ResNet Architecture: Deep Learning with PyTorch

Last Updated on July 24, 2023 by Editorial Team

Author(s): Satyam Kumar Singh

Originally published on Towards AI.

Deep Learning

From winning ImageNet Large Scale Visual Recognition Challenge (ILSVRC) in 2015 till now ResNet Architecture has been remarkable in the field of Data Science. Apart from ILSVRC, ResNet also won Detection and localization challenge and MSCOCO detection and segmentation challenge. Quite a feat!

So, What’s so unique about ResNet compared to the previous convolutional network?

ResNet: the working behind it

As input=output, So effectively the more the layers the better the network. Well, not actually. But in the real world, because of the vanishing gradient and curse of dimensionality problems, it isn’t possible. In fact, the training error increases after certain epochs.

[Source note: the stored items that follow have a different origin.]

lemma uminus_in_star_center:
  assumes "z \<in> \<zeta>"
  shows "- z \<in> \<zeta>"
proof -
  have "z \<cdot> (- z) = 0"
    using assms by (simp add: mult_eq_star star_center_star_left)
  then have "(- z) \<star> w = 0" for w
    using star_mult_left [of z "- z" w] assms by (simp add: star_center_star_left)
  moreover have "x \<star> (- z) = 0" for x
    using assms by (simp add: star_uminus_right star_center_star_right)
  ultimately show ?thesis
    by (simp add: star_center_def)
qed

lemma star_add_left:
  assumes "\<And>y. u \<star> y \<in> \<zeta>"
  shows "(u + v) \<star> w = u \<star> (v \<star> w) + v \<star> w + u \<star> w"
proof -
  define t where "t = u \<star> v"
  have t: "t \<in> \<zeta>" "- t \<in> \<zeta>"
    using assms uminus_in_star_center by (simp_all add: t_def)
  have "v \<cdot> (- t) = v - t"
    using t by (simp add: mult_eq_star star_center_star_right)
  moreover have "u \<cdot> (v - t) = u + v"
    using star_add_right [of u v "- t"] t
    by (simp add: mult_eq_star star_uminus_right star_center_star_right t_def)
  ultimately have "(u + v) \<star> w = (u \<cdot> (v \<cdot> (- t))) \<star> w"
    by simp
  also have "\<dots> = u \<star> ((v \<cdot> (- t)) \<star> w) + (v \<cdot> (- t)) \<star> w + u \<star> w"
    by (rule star_mult_left)
  also have "(v \<cdot> (- t)) \<star> w = v \<star> w"
    using star_mult_left [of v "- t" w] t by (simp add: star_center_star_left)
  finally show ?thesis .
qed

lemma add_subgroup_star_center: "add_subgroup \<zeta>"
proof (rule add_subgroupI)
  fix z z' assume "z \<in> \<zeta>" "z' \<in> \<zeta>"
  then show "z + z' \<in> \<zeta>"
    using star_add_left [of z z'] zero_in_star_center
    by (simp add: star_center_def star_add_right)
qed (simp_all add: zero_in_star_center uminus_in_star_center)

lemma star_center2_star_left: "u \<in> \<zeta>\<^sub>2 \<Longrightarrow> u \<star> x \<in> \<zeta>"
  and star_center2_star_right: "u \<in> \<zeta>\<^sub>2 \<Longrightarrow> x \<star> u \<in> \<zeta>"
  by (simp_all add: star_center2_def)

lemma star_center2I: "(\<And>x. u \<star> x \<in> \<zeta>) \<Longrightarrow> (\<And>x. x \<star> u \<in> \<zeta>) \<Longrightarrow> u \<in> \<zeta>\<^sub>2"
  by (simp add: star_center2_def)

lemma star_center_subset_star_center2: "\<zeta> \<subseteq> \<zeta>\<^sub>2"
  by (auto intro!: star_center2I simp: star_center_star_left star_center_star_right zero_in_star_center)

lemma star_add_left_star_center2:
  assumes "u \<in> \<zeta>\<^sub>2" "v \<in> \<zeta>\<^sub>2"
  shows "(u + v) \<star> w = u \<star> w + v \<star> w"
  using star_add_left [of u v w] assms
  by (simp add: star_center2_star_left star_center2_star_right star_center_star_right)

lemma add_subgroup_star_center2: "add_subgroup \<zeta>\<^sub>2"
proof (rule add_subgroupI)
  show "0 \<in> \<zeta>\<^sub>2"
    using star_center_subset_star_center2 zero_in_star_center by blast
next
  fix u v assume "u \<in> \<zeta>\<^sub>2" "v \<in> \<zeta>\<^sub>2"
  then show "u + v \<in> \<zeta>\<^sub>2"
    by (intro star_center2I)
      (simp_all add: star_add_left_star_center2 star_add_right star_center2_star_left
        star_center2_star_right add_subgroup_add [OF add_subgroup_star_center])
next
  fix u assume u: "u \<in> \<zeta>\<^sub>2"
  show "- u \<in> \<zeta>\<^sub>2"
  proof (rule star_center2I)
    fix x
    have "0 = u \<star> ((- u) \<star> x) + (- u) \<star> x + u \<star> x"
      using star_add_left [of u "- u" x] u by (simp add: star_center2_star_left)
    then have "(- u) \<star> x = - (u \<star> ((- u) \<star> x)) - u \<star> x"
      by (simp add: algebra_simps eq_neg_iff_add_eq_0)
    also have "\<dots> \<in> \<zeta>"
      using u by (simp add: star_center2_star_left add_subgroup_diff add_subgroup_uminus
        add_subgroup_star_center)
    finally show "(- u) \<star> x \<in> \<zeta>" .
  next
    fix x
    show "x \<star> (- u) \<in> \<zeta>"
      using u by (simp add: star_uminus_right star_center2_star_right uminus_in_star_center)
  qed
qed

lemma star_zsmul_left:
  assumes "u \<in> \<zeta>\<^sub>2"
  shows "zsmul k u \<star> w = zsmul k (u \<star> w)"
  by (rule zsmul_additive [where f = "\<lambda>v. v \<star> w", OF add_subgroup_star_center2 assms])
    (rule star_add_left_star_center2)

lemma mult_inverse_star_center2:
  assumes u: "u \<in> \<zeta>\<^sub>2"
  shows "u \<cdot> (u \<star> u - u) = 0" and "(u \<star> u - u) \<cdot> u = 0"
proof -
  have uu: "u \<star> u \<in> \<zeta>"
    using u by (rule star_center2_star_left)
  then show "u \<cdot> (u \<star> u - u) = 0"
    using star_add_right [of u "u \<star> u" "- u"]
    by (simp add: mult_eq_star star_uminus_right star_center_star_right)
  have "(- u) \<star> u = - (u \<star> u)"
    using star_add_left_star_center2 [OF u add_subgroup_uminus [OF add_subgroup_star_center2 u], of u]
    by (simp add: minus_unique)
  moreover have "(u \<star> u - u) \<star> u = (u \<star> u) \<star> u + (- u) \<star> u"
    using star_add_left_star_center2 [of "u \<star> u" "- u" u] uu u star_center_subset_star_center2
      add_subgroup_uminus [OF add_subgroup_star_center2 u]
    by auto
  ultimately show "(u \<star> u - u) \<cdot> u = 0"
    using uu by (simp add: mult_eq_star star_center_star_left)
qed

The working is ResNet is pretty simple, it adds the original input back to the output feature map obtained by passing the input through one or more convolutional layers.

Lets us understand the picture on the left. What’s happening is Relu(Input+Output), where input is either the 1st data or the data of previous block and output is Relu(W2(W1+b) + I), where W1 and W2 are the weight of both layers and b is the bias of the previous layer.

Now as we know the basic behind the ResNet architecture, so let’s create one.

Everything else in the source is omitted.